**THE INPUT:**
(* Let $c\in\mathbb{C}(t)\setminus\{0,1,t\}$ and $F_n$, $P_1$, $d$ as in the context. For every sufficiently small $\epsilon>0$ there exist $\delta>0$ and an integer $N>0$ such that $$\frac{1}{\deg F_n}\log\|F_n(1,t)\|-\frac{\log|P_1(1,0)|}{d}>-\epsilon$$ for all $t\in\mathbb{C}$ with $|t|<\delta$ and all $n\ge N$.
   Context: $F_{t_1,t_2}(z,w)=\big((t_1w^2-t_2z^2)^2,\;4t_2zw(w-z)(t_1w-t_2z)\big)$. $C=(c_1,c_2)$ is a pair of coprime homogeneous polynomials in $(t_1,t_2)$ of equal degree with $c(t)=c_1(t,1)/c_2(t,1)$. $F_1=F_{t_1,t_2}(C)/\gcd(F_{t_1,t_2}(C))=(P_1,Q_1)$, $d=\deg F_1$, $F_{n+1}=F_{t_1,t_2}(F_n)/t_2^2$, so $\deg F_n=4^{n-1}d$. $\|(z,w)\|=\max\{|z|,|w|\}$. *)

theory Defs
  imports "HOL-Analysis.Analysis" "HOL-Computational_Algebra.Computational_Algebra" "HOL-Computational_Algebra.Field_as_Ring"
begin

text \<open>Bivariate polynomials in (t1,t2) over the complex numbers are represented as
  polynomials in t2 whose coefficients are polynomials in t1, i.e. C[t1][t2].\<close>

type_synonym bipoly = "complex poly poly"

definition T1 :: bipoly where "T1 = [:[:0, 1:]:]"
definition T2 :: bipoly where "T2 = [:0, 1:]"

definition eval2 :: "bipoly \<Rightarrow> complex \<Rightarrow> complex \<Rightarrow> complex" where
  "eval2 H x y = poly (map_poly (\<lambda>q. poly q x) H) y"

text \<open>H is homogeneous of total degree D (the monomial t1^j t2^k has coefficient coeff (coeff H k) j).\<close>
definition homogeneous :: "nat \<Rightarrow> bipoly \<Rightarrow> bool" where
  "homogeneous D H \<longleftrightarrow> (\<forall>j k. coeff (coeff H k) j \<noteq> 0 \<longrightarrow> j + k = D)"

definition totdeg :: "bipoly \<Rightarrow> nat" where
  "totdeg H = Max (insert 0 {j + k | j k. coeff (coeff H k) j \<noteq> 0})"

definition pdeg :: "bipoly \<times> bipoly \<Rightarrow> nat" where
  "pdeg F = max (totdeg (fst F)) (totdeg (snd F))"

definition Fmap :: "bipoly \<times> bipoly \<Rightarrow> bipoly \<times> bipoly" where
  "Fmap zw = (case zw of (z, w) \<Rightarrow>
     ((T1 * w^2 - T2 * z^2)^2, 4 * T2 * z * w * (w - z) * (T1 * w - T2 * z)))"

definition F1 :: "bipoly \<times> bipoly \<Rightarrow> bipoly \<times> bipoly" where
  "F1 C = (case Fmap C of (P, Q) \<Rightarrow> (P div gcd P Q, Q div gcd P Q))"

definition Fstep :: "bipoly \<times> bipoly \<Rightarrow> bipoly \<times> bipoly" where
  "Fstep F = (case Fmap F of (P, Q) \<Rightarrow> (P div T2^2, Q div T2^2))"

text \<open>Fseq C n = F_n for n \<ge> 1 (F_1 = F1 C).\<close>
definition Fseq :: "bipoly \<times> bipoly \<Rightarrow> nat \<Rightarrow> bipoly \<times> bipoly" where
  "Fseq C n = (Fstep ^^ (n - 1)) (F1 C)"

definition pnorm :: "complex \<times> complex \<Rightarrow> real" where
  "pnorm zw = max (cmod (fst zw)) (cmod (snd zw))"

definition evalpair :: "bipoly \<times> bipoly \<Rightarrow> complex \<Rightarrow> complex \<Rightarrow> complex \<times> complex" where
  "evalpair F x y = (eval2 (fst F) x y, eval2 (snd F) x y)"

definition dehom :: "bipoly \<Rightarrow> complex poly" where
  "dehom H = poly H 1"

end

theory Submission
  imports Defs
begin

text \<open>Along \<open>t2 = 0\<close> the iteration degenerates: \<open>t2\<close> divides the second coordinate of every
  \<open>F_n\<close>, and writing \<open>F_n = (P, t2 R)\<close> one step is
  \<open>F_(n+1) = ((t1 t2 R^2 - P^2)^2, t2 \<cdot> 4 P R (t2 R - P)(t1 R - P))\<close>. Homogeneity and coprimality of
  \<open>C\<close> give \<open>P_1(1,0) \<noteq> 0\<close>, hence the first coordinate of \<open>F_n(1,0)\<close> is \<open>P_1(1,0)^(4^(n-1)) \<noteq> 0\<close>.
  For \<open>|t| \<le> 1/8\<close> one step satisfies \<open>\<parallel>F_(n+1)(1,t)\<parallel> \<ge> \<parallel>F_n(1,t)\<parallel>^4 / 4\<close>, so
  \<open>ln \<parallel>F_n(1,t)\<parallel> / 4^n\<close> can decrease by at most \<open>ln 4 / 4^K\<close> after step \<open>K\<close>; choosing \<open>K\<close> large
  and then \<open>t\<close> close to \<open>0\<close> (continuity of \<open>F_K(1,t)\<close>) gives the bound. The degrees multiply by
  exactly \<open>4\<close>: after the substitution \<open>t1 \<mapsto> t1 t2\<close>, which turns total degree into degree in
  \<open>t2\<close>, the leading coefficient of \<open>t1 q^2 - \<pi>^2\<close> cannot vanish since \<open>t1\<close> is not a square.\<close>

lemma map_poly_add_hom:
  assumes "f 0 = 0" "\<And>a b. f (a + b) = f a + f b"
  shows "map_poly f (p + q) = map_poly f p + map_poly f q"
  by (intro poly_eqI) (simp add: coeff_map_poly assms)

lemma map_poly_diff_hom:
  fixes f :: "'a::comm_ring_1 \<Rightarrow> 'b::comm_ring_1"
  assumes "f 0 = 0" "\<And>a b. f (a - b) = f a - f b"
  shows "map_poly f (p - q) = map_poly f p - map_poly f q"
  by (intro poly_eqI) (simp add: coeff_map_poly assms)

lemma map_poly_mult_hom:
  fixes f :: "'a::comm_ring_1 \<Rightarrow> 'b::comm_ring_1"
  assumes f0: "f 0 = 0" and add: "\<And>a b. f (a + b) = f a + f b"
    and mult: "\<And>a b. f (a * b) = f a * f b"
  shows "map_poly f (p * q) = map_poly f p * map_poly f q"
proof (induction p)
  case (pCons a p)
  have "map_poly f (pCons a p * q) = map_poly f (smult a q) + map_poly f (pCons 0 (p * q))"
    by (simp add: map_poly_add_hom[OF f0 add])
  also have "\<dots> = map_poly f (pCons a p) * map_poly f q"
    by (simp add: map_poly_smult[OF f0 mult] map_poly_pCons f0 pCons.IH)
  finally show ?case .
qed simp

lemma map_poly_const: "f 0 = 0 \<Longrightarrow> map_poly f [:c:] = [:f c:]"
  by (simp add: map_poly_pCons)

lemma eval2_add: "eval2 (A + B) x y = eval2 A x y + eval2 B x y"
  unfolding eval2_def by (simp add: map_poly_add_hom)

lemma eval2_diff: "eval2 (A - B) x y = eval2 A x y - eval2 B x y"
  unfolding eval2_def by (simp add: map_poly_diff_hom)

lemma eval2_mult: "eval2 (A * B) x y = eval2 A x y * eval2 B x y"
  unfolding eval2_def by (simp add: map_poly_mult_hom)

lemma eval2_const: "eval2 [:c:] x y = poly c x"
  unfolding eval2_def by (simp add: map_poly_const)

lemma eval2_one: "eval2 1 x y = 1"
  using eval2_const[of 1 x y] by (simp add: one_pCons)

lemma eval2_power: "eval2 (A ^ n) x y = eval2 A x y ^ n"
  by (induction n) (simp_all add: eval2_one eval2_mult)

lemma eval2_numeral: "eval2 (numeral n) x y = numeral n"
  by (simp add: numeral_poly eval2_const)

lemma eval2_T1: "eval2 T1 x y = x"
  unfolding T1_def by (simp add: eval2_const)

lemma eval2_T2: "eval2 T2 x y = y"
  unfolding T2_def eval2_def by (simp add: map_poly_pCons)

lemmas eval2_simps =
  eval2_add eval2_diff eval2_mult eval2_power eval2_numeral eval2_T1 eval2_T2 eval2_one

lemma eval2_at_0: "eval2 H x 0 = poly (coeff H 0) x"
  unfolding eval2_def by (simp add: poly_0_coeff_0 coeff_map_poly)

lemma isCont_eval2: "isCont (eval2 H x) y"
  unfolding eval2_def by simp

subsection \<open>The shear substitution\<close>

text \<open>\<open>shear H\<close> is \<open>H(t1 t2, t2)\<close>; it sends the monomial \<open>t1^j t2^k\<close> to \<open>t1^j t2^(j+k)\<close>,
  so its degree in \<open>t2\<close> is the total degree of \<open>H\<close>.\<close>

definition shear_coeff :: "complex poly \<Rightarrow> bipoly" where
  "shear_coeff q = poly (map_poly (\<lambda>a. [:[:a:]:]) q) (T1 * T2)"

**TASK TO CARRY OUT:** Where the listing above has a line with "definition T2 :: bipoly", start there, and output every line exactly through the line with "(z, w) \<Rightarrow>", which is also included.

**EXERCISE SOLUTION:**
definition T2 :: bipoly where "T2 = [:0, 1:]"

definition eval2 :: "bipoly \<Rightarrow> complex \<Rightarrow> complex \<Rightarrow> complex" where
  "eval2 H x y = poly (map_poly (\<lambda>q. poly q x) H) y"

text \<open>H is homogeneous of total degree D (the monomial t1^j t2^k has coefficient coeff (coeff H k) j).\<close>
definition homogeneous :: "nat \<Rightarrow> bipoly \<Rightarrow> bool" where
  "homogeneous D H \<longleftrightarrow> (\<forall>j k. coeff (coeff H k) j \<noteq> 0 \<longrightarrow> j + k = D)"

definition totdeg :: "bipoly \<Rightarrow> nat" where
  "totdeg H = Max (insert 0 {j + k | j k. coeff (coeff H k) j \<noteq> 0})"

definition pdeg :: "bipoly \<times> bipoly \<Rightarrow> nat" where
  "pdeg F = max (totdeg (fst F)) (totdeg (snd F))"

definition Fmap :: "bipoly \<times> bipoly \<Rightarrow> bipoly \<times> bipoly" where
  "Fmap zw = (case zw of (z, w) \<Rightarrow>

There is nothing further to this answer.